## What is being asked
Among the lines below, count those with "dots". Give only the number.

----- Record excerpts -----

lemma midpoint_convex_oscillation_le:
  fixes H :: "real \<Rightarrow> real"
  assumes mid: "\<And>u d. 2 * H u \<le> H (u + d) + H (u - d)"
    and bound: "\<And>d. \<bar>d\<bar> \<le> 1 \<Longrightarrow> H (u0 + d) - H u0 \<le> K"
    and v: "\<bar>v\<bar> \<le> 1 / 2^k"
  shows "\<bar>H (u0 + v) - H u0\<bar> \<le> K / 2^k"
proof -
  have upper: "H (u0 + w) - H u0 \<le> K / 2^k" if "\<bar>w\<bar> \<le> 1 / 2^k" for w
  proof -
    define d where "d = w * 2^k"
    have "\<bar>d\<bar> \<le> 1"
      using that by (simp add: d_def abs_mult field_simps)
    have "H (u0 + w) - H u0 = H (u0 + d / 2^k) - H u0"
      by (simp add: d_def)
    also have "\<dots> \<le> (H (u0 + d) - H u0) / 2^k"
      by (rule midpoint_convex_dyadic_le[OF mid])
    also have "\<dots> \<le> K / 2^k"
      using bound[OF \<open>\<bar>d\<bar> \<le> 1\<close>] by (simp add: divide_right_mono)
    finally show ?thesis .
  qed
  have "2 * H u0 \<le> H (u0 + v) + H (u0 - v)"
    by (rule mid)
  then show ?thesis
    using upper[of v] upper[of "- v"] v by simp
qed

lemma midpoint_convex_isCont:
  fixes H :: "real \<Rightarrow> real"
  assumes mid: "\<And>u d. 2 * H u \<le> H (u + d) + H (u - d)"
    and quadratic: "\<And>u. H u \<le> B + C * u^2"
  shows "isCont H u0"
proof -
  define K where "K = B + \<bar>C\<bar> * (\<bar>u0\<bar> + 1)^2 - H u0"
  have bound: "H (u0 + d) - H u0 \<le> K" if "\<bar>d\<bar> \<le> 1" for d
  proof -
    have "\<bar>u0 + d\<bar> \<le> \<bar>u0\<bar> + 1"
      using that abs_triangle_ineq[of u0 d] by linarith
    then have "(u0 + d)^2 \<le> (\<bar>u0\<bar> + 1)^2"
      using power_mono[of _ _ 2] by fastforce
    then have "C * (u0 + d)^2 \<le> \<bar>C\<bar> * (\<bar>u0\<bar> + 1)^2"
      by (meson abs_ge_self abs_ge_zero mult_left_mono mult_right_mono order_trans zero_le_power2)
    then show ?thesis
      using quadratic[of "u0 + d"] unfolding K_def by linarith
  qed
  show ?thesis
    unfolding isCont_def LIM_eq
  proof (intro allI impI)
    fix r :: real
    assume "0 < r"
    obtain k :: nat where "K / r < 2^k"
      using real_arch_pow[of 2 "K / r"] by auto
    with \<open>0 < r\<close> have "K / 2^k < r"
      by (simp add: field_simps)
    moreover have "\<bar>H x - H u0\<bar> \<le> K / 2^k" if "\<bar>x - u0\<bar> < 1 / 2^k" for x
      using midpoint_convex_oscillation_le[OF mid bound, of "x - u0" k] that by simp
    ultimately show "\<exists>s>0. \<forall>x. x \<noteq> u0 \<and> norm (x - u0) < s \<longrightarrow> norm (H x - H u0) < r"
      by (intro exI[of _ "1 / 2^k"]) force
  qed
qed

-----

## Expected answer
2